NVIDIA GF100 & Friends speculation

Nope, based on 700 MHz, Damien's Number is right on the money.

Doesn´t GF100 have 48 rops?

And the texture number should be multiplied by four if GF100 has 256 TF units, as you can see at anandtech´s overview and Neliz said something like "quad TMU´s - quad damage" thing.
 
So, GF100 has only 32 ROPs?

Doesn´t GF100 have 48 rops?

And the texture number should be multiplied by four if GF100 has 256 TF units, as you can see at anandtech´s overview and Neliz said something like "quad TMU´s - quad damage" thing.
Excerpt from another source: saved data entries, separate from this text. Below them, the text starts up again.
lemma card_Tsec_le_card_Lall_in_chain:
  assumes "marked_family n \<F> T" "q_strong q T" "i \<in> {1..q}" "\<chi> \<in> full_chains n"
  shows "card (Tsec T \<chi>) \<le> q * card {F \<in> Lall n \<F> i (power T q). F \<in> \<chi>}"
proof (cases "Tsec T \<chi> = {}")
  case False
  have sec: "Tsec T \<chi> \<subseteq> \<F>" "Tsec T \<chi> \<subseteq> \<chi>"
    using Tsec_subset[OF assms(1)] by auto
  have \<chi>: "\<chi> \<subseteq> Pow {0..<n}" "chain\<^sub>\<subseteq> \<chi>" "finite \<chi>"
    using assms(4) by (simp_all add: full_chain_subset_Pow chain_subset_full_chain finite_full_chain)
  have "card (Tsec T \<chi>) \<le> q * card (Lchi \<F> i (power T q) \<chi>)"
  proof (rule card_Tsec_le_card_Lchi[OF sec(1) _ _ _ _ assms(3)])
    show "finite (Tsec T \<chi>)" using sec(2) \<chi>(3) by (rule finite_subset)
    show "\<forall>A\<in>Tsec T \<chi>. finite A" using sec(2) \<chi>(1) by (auto intro: finite_subset[of _ "{0..<n}"])
    show "chain\<^sub>\<subseteq> (Tsec T \<chi>)" using \<chi>(2) sec(2) by (auto simp: chain_subset_def)
    show "q \<le> card (Tsec T \<chi>)" using assms(2) False by (simp add: q_strong_def)
  qed
  also have "\<dots> \<le> q * card {F \<in> Lall n \<F> i (power T q). F \<in> \<chi>}"
  proof (intro mult_le_mono2 card_mono)
    show "finite {F \<in> Lall n \<F> i (power T q). F \<in> \<chi>}" using \<chi>(3) by simp
    show "Lchi \<F> i (power T q) \<chi> \<subseteq> {F \<in> Lall n \<F> i (power T q). F \<in> \<chi>}"
      using Lchi_power_subset_Tsec[OF assms(3), of \<F> T \<chi>] sec(2) assms(4) by (auto simp: Lall_def)
  qed
  finally show ?thesis .
qed simp

lemma card_le_q_sum_full_chains_containing_Lall:
  assumes "marked_family n \<F> T" "q_strong q T" "i \<in> {1..q}"
  shows "card T \<le> q * (\<Sum>F\<in>Lall n \<F> i (power T q). card {\<chi> \<in> full_chains n. F \<in> \<chi>})"
proof -
  let ?L = "Lall n \<F> i (power T q)"
  have "?L \<subseteq> Pow {0..<n}"
  proof
    fix F assume "F \<in> ?L"
    then obtain \<chi> where "\<chi> \<in> full_chains n" "F \<in> Lchi \<F> i (power T q) \<chi>"
      by (auto simp: Lall_def)
    then show "F \<in> Pow {0..<n}"
      using Lchi_power_subset_Tsec[OF assms(3)] Tsec_subset[OF assms(1)] full_chain_subset_Pow
      by blast
  qed
  then have "finite ?L" by (rule finite_subset) simp
  have "T = Sigma (full_chains n) (Tsec T)"
    using assms(1) by (auto simp: marked_family_def Tsec_def)
  then have "card T = card (Sigma (full_chains n) (Tsec T))" by (rule arg_cong)
  also have "\<dots> = (\<Sum>\<chi>\<in>full_chains n. card (Tsec T \<chi>))"
  proof (rule card_SigmaI[OF finite_full_chains], rule ballI)
    fix \<chi> assume "\<chi> \<in> full_chains n"
    then have "finite \<chi>" by (rule finite_full_chain)
    then show "finite (Tsec T \<chi>)"
      by (rule finite_subset[rotated]) (use Tsec_subset[OF assms(1)] in blast)
  qed
  also have "\<dots> \<le> (\<Sum>\<chi>\<in>full_chains n. q * card {F \<in> ?L. F \<in> \<chi>})"
    using card_Tsec_le_card_Lall_in_chain[OF assms] by (rule sum_mono)
  also have "\<dots> = q * (\<Sum>\<chi>\<in>full_chains n. card {F \<in> ?L. F \<in> \<chi>})"
    by (simp add: sum_distrib_left)
  also have "(\<Sum>\<chi>\<in>full_chains n. card {F \<in> ?L. F \<in> \<chi>})
      = (\<Sum>F\<in>?L. card {\<chi> \<in> full_chains n. F \<in> \<chi>})"
    using sum.swap_restrict[OF finite_full_chains[of n] \<open>finite ?L\<close>,
        of "\<lambda>_ _. 1 :: nat" "\<lambda>\<chi> F. F \<in> \<chi>"]
    by simp
  finally show ?thesis .
qed

lemma sum_full_chains_containing_mult_Min_le:
  assumes "\<F> \<subseteq> Pow {0..<n}" "L \<subseteq> \<F>"
  shows "(\<Sum>F\<in>L. card {\<chi> \<in> full_chains n. F \<in> \<chi>}) * Min ((\<lambda>F. n choose card F) ` \<F>)
           \<le> card L * fact n"
proof -
  have "finite \<F>" using assms(1) by (rule finite_subset) simp
  have "card {\<chi> \<in> full_chains n. F \<in> \<chi>} * Min ((\<lambda>F. n choose card F) ` \<F>) \<le> fact n"
    if "F \<in> L" for F
  proof -
    have F: "F \<in> \<F>" "F \<subseteq> {0..<n}" using that assms by auto
    then have "card F \<le> n" using card_mono[of "{0..<n}" F] by simp
    have "card {\<chi> \<in> full_chains n. F \<in> \<chi>} * Min ((\<lambda>F. n choose card F) ` \<F>)
        \<le> fact (card F) * fact (n - card F) * (n choose card F)"
      using card_full_chains_containing_le[OF F(2)] \<open>finite \<F>\<close> F(1) by (intro mult_le_mono) auto
    also have "\<dots> = fact n" using binomial_fact_lemma[OF \<open>card F \<le> n\<close>] .
    finally show ?thesis .
  qed
  then have "(\<Sum>F\<in>L. card {\<chi> \<in> full_chains n. F \<in> \<chi>} * Min ((\<lambda>F. n choose card F) ` \<F>))
      \<le> (\<Sum>F\<in>L. fact n)"
    by (rule sum_mono)
  then show ?thesis by (simp add: sum_distrib_right)
qed

theorem lemma4p3:
  fixes n q i :: nat and \<F> :: "nat set set" and \<epsilon> :: real
    and T :: "(nat set set \<times> nat set) set"
  assumes "\<F> \<subseteq> Pow {0..<n}"
    and "q > 0"
    and "\<epsilon> > 0"
    and "marked_family n \<F> T"
    and "q_strong q T"
    and "real (card T) \<ge> \<epsilon> * real (fact n)"
    and "i \<in> {1..q}"
  shows "real (card (Lall n \<F> i (power T q)))
           \<ge> \<epsilon> / real q * real (Min ((\<lambda>F. n choose card F) ` \<F>))"
proof -
  let ?L = "Lall n \<F> i (power T q)"
  let ?N = "\<Sum>F\<in>?L. card {\<chi> \<in> full_chains n. F \<in> \<chi>}"
  let ?m = "Min ((\<lambda>F. n choose card F) ` \<F>)"
  have "real (card T) \<le> real (q * ?N)"
    using card_le_q_sum_full_chains_containing_Lall[OF assms(4,5,7)] by (simp only: of_nat_le_iff)
  then have count: "\<epsilon> * real (fact n) \<le> real q * real ?N"
    using assms(6) by (simp only: of_nat_mult)
  have weight: "real ?N * real ?m \<le> real (card ?L) * real (fact n)"
    using sum_full_chains_containing_mult_Min_le[OF assms(1) Lall_subset]
    by (simp only: of_nat_mult[symmetric] of_nat_le_iff)
  have "\<epsilon> / q * ?m * real (fact n) = \<epsilon> * real (fact n) * ?m / q" by simp
  also have "\<dots> \<le> real q * real ?N * real ?m / real q"
    by (rule divide_right_mono[OF mult_right_mono[OF count]]) simp_all
  also have "\<dots> = real ?N * real ?m" using assms(2) by simp
  also have "\<dots> \<le> real (card ?L) * real (fact n)" by (fact weight)
  finally show ?thesis by (rule mult_right_le_imp_le) simp
qed

end
(* On the noncommutative space $\mathbb{R}^4_\theta$ described in the context, the pair $(\nabla,\sigma)$, where $\nabla:\Omega^1_A\to\Omega^1_A\otimes_A\Omega^1_A$ is given by $\nabla(\sum_ia_i\,\mathrm{d}z^i)=\sum_i\mathrm{d}a_i\otimes_A\mathrm{d}z^i$ (i.e. $\nabla(\mathrm{d}z^i)=0$ plus the left Leibniz rule) and $\sigma:\Omega^1_A\otimes_A\Omega^1_A\to\Omega^1_A\otimes_A\Omega^1_A$ is the left $A$-linear map with $\sigma(\mathrm{d}z^i\otimes_A\mathrm{d}z^j)=R^{ji}\,\mathrm{d}z^j\otimes_A\mathrm{d}z^i$, is a bimodule connection on $\Omega^1_A$.
   Context: Let $\theta\in\mathbb{R}$ and $R=(R^{ab})$ the $4\times4$ matrix (row $a$, column $b$) with rows $(1,e^{-i\theta},1,e^{i\theta})$, $(e^{i\theta},1,e^{-i\theta},1)$, $(1,e^{i\theta},1,e^{-i\theta})$, $(e^{-i\theta},1,e^{i\theta},1)$. Let $A=\mathbb{C}\langle z^1,\dots,z^4\rangle/(z^iz^j-R^{ji}z^jz^i)$, $\Omega^1_A=\bigoplus_{i=1}^4A\,\mathrm{d}z^i$ the free left $A$-module with right action determined by $\mathrm{d}z^i\,z^j=R^{ji}z^j\,\mathrm{d}z^i$, and $\mathrm{d}:A\to\Omega^1_A$ with $z^i\mapsto\mathrm{d}z^i$ extended by the Leibniz rule. A bimodule connection on an $A$-bimodule $V$ is a pair $(\nabla,\sigma)$ of a linear map $\nabla:V\to\Omega^1_A\otimes_AV$ and an $A$-bimodule isomorphism $\sigma:V\otimes_A\Omega^1_A\to\Omega^1_A\otimes_AV$ with $\nabla(av)=a\nabla(v)+\mathrm{d}a\otimes_Av$ and $\nabla(va)=\nabla(v)a+\sigma(v\otimes_A\mathrm{d}a)$ for all $a\in A$, $v\in V$. *)

theory Defs
  imports Complex_Main "HOL-Library.Poly_Mapping" "HOL-Library.Numeral_Type"
    "HOL-Library.Function_Algebras"
begin
(* For every $n\ge1$ and $a>0$, the quantities $r_n=r_n(a)$ satisfy the second-order difference equation $$a^2r_n^2=\frac{n+r_n}{2}\,(r_{n+1}+r_n)(r_n+r_{n-1}).$$ Equivalently, $y_n:=-2r_n/a^2$ satisfies $$(y_{n+1}+y_n)(y_n+y_{n-1})=\frac{-4y_n^2}{y_n-2n/a^2},$$ which is a case of the modified discrete Painlevé II equation $(x_{n-1}+x_n)(x_n+x_{n+1})=\frac{-4x_n^2+m^2}{\lambda x_n+z_n}$ with $m=0$, $\lambda=1$, $z_n=-2n/a^2$.
   Context: Fix $a>0$. Let $w(x)=e^{-x^2}\chi_{\mathbb{R}\setminus(-a,a)}(x)$. Let $P_n$ be the monic orthogonal polynomials for $w$ on $\mathbb{R}$, with $h_n=\int P_n^2w\,dx$. Define $$r_n(a)=\frac{2e^{-a^2}P_n(a)P_{n-1}(a)}{h_{n-1}(a)}\ (n\ge1),\qquad r_0(a)=0.$$ *)

theory Defs
  imports "HOL-Analysis.Analysis" "HOL-Computational_Algebra.Polynomial"
begin

definition wgt :: "real \<Rightarrow> real \<Rightarrow> real" where
  "wgt a x = (if x \<in> - {-a<..<a} then exp (- (x^2)) else 0)"

definition wip :: "real \<Rightarrow> real poly \<Rightarrow> real poly \<Rightarrow> real" where
  "wip a p q = (LINT x|lborel. poly p x * poly q x * wgt a x)"

definition OP :: "real \<Rightarrow> nat \<Rightarrow> real poly" where
  "OP a n = (THE p. degree p = n \<and> lead_coeff p = 1 \<and>
                    (\<forall>q. degree q < n \<longrightarrow> wip a p q = 0))"

definition hn :: "real \<Rightarrow> nat \<Rightarrow> real" where
  "hn a n = wip a (OP a n) (OP a n)"

definition rn :: "real \<Rightarrow> nat \<Rightarrow> real" where
  "rn a n = (if n = 0 then 0 else
     2 * exp (- (a^2)) * poly (OP a n) a * poly (OP a (n - 1)) a / hn a (n - 1))"

end

theory Submission
  imports Defs "HOL-Probability.Distributions"
begin

text \<open>
  The weight is even, so the monic orthogonal polynomials satisfy the symmetric three-term
  recurrence P(n+1) = x P(n) - beta(n) P(n-1) with beta(n) = h(n) / h(n-1).
  Integrating the derivative of P(n) P(n-1) exp(-x^2) over the complement of (-a,a), the
  boundary terms at a and -a give n + r(n) = 2 beta(n); evaluating the recurrence at x = a gives
  r(n+1) + r(n) = 2 a exp(-a^2) P(n)(a)^2 / h(n). Multiplying the last identity for n and n - 1
  by beta(n) yields a^2 r(n)^2.
  Since OP is defined by a description, the polynomials are built by the recurrence and then
  identified with OP by uniqueness.
\<close>

lemma integrable_power_gaussian: "integrable lborel (\<lambda>x::real. x^k * exp (-x\<^sup>2))"
proof -
  have even_moment: "integrable lborel (\<lambda>x::real. exp (-x\<^sup>2) * x^(2*j))" for j
    using has_bochner_integral_even_function[OF gaussian_moment_even_pos[of j]]
    by (auto simp: integrable.intros)
  have "\<bar>x\<bar>^k \<le> 1 + x^(2*k)" for x :: real
  proof (cases "\<bar>x\<bar> \<le> 1")
    case True
    then have "\<bar>x\<bar>^k \<le> 1" by (simp add: power_le_one)
    moreover have "0 \<le> x^(2*k)" by (simp add: power_mult)
    ultimately show ?thesis by linarith
  next
    case False
    then have "\<bar>x\<bar>^k \<le> \<bar>x\<bar>^(2*k)" by (intro power_increasing) auto
    then show ?thesis by (simp add: power_mult)
  qed
  then have "norm (x^k * exp (-x\<^sup>2)) \<le> norm (exp (-x\<^sup>2) * x^(2*0) + exp (-x\<^sup>2) * x^(2*k))"
    for x :: real
  proof -
    have "norm (x^k * exp (-x\<^sup>2)) = \<bar>x\<bar>^k * exp (-x\<^sup>2)"
      by (simp add: abs_mult power_abs)
    also have "\<dots> \<le> (1 + x^(2*k)) * exp (-x\<^sup>2)"
      using \<open>\<bar>x\<bar>^k \<le> 1 + x^(2*k)\<close> by (rule mult_right_mono) simp
    also have "\<dots> = norm (exp (-x\<^sup>2) * x^(2*0) + exp (-x\<^sup>2) * x^(2*k))"
      by (simp add: algebra_simps power_mult)
    finally show ?thesis .
  qed
  then show ?thesis
    by (intro Bochner_Integration.integrable_bound
          [OF Bochner_Integration.integrable_add[OF even_moment[of 0] even_moment[of k]]]) auto
qed
(* With the notation of the context, there is a constant $L>0$ depending only on $a$ and $b$ such that for every integer $m\ge\max\{-\frac{3}{4\ln u},\frac1{6c}\}$, the truncated vector $\alpha$ defined by $\alpha_k=\nu_k$ for $k\le2m+1$ and $\alpha_k=0$ otherwise satisfies: (i) $\big|\|\alpha\|^2-\frac1{4a}\big|\le Lmu^{2m}$; (ii) $\alpha^\top\eta=0$; (iii) $\big|\alpha^\top M^\top M\alpha-1\big|\le Lm^2u^{2m}$; (iv) $\alpha^\top\mathrm{Diag}(\lambda)^{-1}\alpha\le Lm^{3/2}$.
   Context: Let $a,b>0$, $\mu=\mathcal N(0,1/(4a))$ on $\mathbb R$, $c=\sqrt{a^2+2ab}$, $u=\frac{b}{a+b+c}\in(0,1)$. $f_i(x)=(c/a)^{1/4}(2^ii!)^{-1/2}e^{-(c-a)x^2}H_i(\sqrt{2c}\,x)$ ($H_i$ physicists' Hermite polynomials) form an orthonormal basis of $L^2(\mu)$; $\lambda_i=\sqrt{\frac{2a}{a+b+c}}\,u^i$. $\eta_i=\int f_id\mu$: $\eta_{2k+1}=0$, $\eta_{2k}=(c/a)^{1/4}\sqrt{\frac{2a}{a+c}}u^k\frac{\sqrt{(2k)!}}{2^kk!}$. $M^\top M$ is the symmetric matrix with $(M^\top M)_{ii}=\frac1c(2i(a^2+c^2)+(a-c)^2)$, $(M^\top M)_{i,i+2}=(M^\top M)_{i+2,i}=\frac1c(a^2-c^2)\sqrt{(i+1)(i+2)}$, other entries zero (so $\mathbb E_\mu(f'^2)=\beta^\top M^\top M\beta$ for $f=\sum\beta_if_i$). $\nu$ is the coefficient vector of $f_*(x)=x$: $\nu_{2k}=0$, $\nu_{2k+1}=(c/a)^{1/4}\frac{\sqrt a}{2c}\big(\frac{2c}{a+c}\big)^{3/2}u^k\frac{\sqrt{(2k+1)!}}{2^kk!}$. *)

theory Defs
  imports "HOL-Analysis.Analysis"
begin

definition cc :: "real \<Rightarrow> real \<Rightarrow> real" where
  "cc a b = sqrt (a^2 + 2*a*b)"

definition uu :: "real \<Rightarrow> real \<Rightarrow> real" where
  "uu a b = b / (a + b + cc a b)"

definition lam :: "real \<Rightarrow> real \<Rightarrow> nat \<Rightarrow> real" where
  "lam a b i = sqrt (2*a / (a + b + cc a b)) * uu a b ^ i"

text \<open>eta_i = integral of f_i against mu.\<close>
definition eta :: "real \<Rightarrow> real \<Rightarrow> nat \<Rightarrow> real" where
  "eta a b i = (if even i then
     (let k = i div 2; c = cc a b in
       (c/a) powr (1/4) * sqrt (2*a/(a+c)) * uu a b ^ k
         * sqrt (fact (2*k)) / (2^k * fact k))
   else 0)"

definition MtM :: "real \<Rightarrow> real \<Rightarrow> nat \<Rightarrow> nat \<Rightarrow> real" where
  "MtM a b i j = (let c = cc a b in
     if i = j then (2 * real i * (a^2 + c^2) + (a - c)^2) / c
     else if j = i + 2 then (a^2 - c^2) * sqrt ((real i + 1) * (real i + 2)) / c
     else if i = j + 2 then (a^2 - c^2) * sqrt ((real j + 1) * (real j + 2)) / c
     else 0)"

text \<open>Coefficient vector nu of f_*(x) = x.\<close>
definition nu :: "real \<Rightarrow> real \<Rightarrow> nat \<Rightarrow> real" where
  "nu a b i = (if odd i then
     (let k = i div 2; c = cc a b in
       (c/a) powr (1/4) * sqrt a / (2*c) * (2*c/(a+c)) powr (3/2) * uu a b ^ k
         * sqrt (fact (2*k+1)) / (2^k * fact k))
   else 0)"

definition alpha :: "real \<Rightarrow> real \<Rightarrow> nat \<Rightarrow> nat \<Rightarrow> real" where
  "alpha a b m k = (if k \<le> 2*m+1 then nu a b k else 0)"

end

theory Submission
  imports Defs
begin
Nope, it has (as far as I know) 48 ROPs. But can only do 256zpc/32 ppc - as I have been told. Obviously, I don't have a Fermi here to toy around with. :(
 
Especially that I know that there's nothing one could try to against your unshakeable faith ;).
I'm sorry but I'm not the one who operate on "faith" here.
What you already know about GF100 leaves no reason to prefer a 5(8/9)70 over GF3(6/8)0 (Eyefinity is nice and all but if I would ever want to play with several 1080p monitors I'll certainly want more performance than even 5970 is able to provide so I consider them even in that regard).
What we still need to know to make a final judgement is price/perfomance ratios of course. But I'll be very surprised if NV won't set right prices knowing almost everything about competing AMDs cards this time around.
Everything beyond that is "faith".

Unless they know Evergreen won't last long enough to be seriously limited in this regard.
So tesselation in EG is essentially useless? Great! You should tell that to everyone who bought that first to market DX11 solution and tell them not to worry -- AMD will kindly ask them to buy another, better card soon. Ain't all of this sounds great?

I hope they follow the sparsed grid SSAA supported by the HD5xxx.
Yeah I'm kinda dissapointed that this wasn't mentioned anywhere in the whitepaper.
It does looks like a pretty straight-forward "hack" for any DX11 GPU. And it's suprisingly useful even on a 5850 card.
 
So, GF100 has only 32 ROPs?

No it has 48 ROPs but there are 4 8-sample/clock rasterizers for a total of 32 across the chip. So although it could theoretically output 48 pixels, on the input side of things there are only 32 so that defines the limit.

This is the first time I read that information. :!:

Rys mentioned it in the architecture thread :)

I don't think so .. Nvidia clearly tweaked the architecture up to favor setup rate , and tweaked it down against texture fill rate.

That latter bit could cause them some grief. The jittered sample support is nice but it's not clear if DX11 even exposes that functionality. If it does then that particular task should be very fast on Fermi. For straight up Gather4 Fermi is still theoretically slower than Cypress.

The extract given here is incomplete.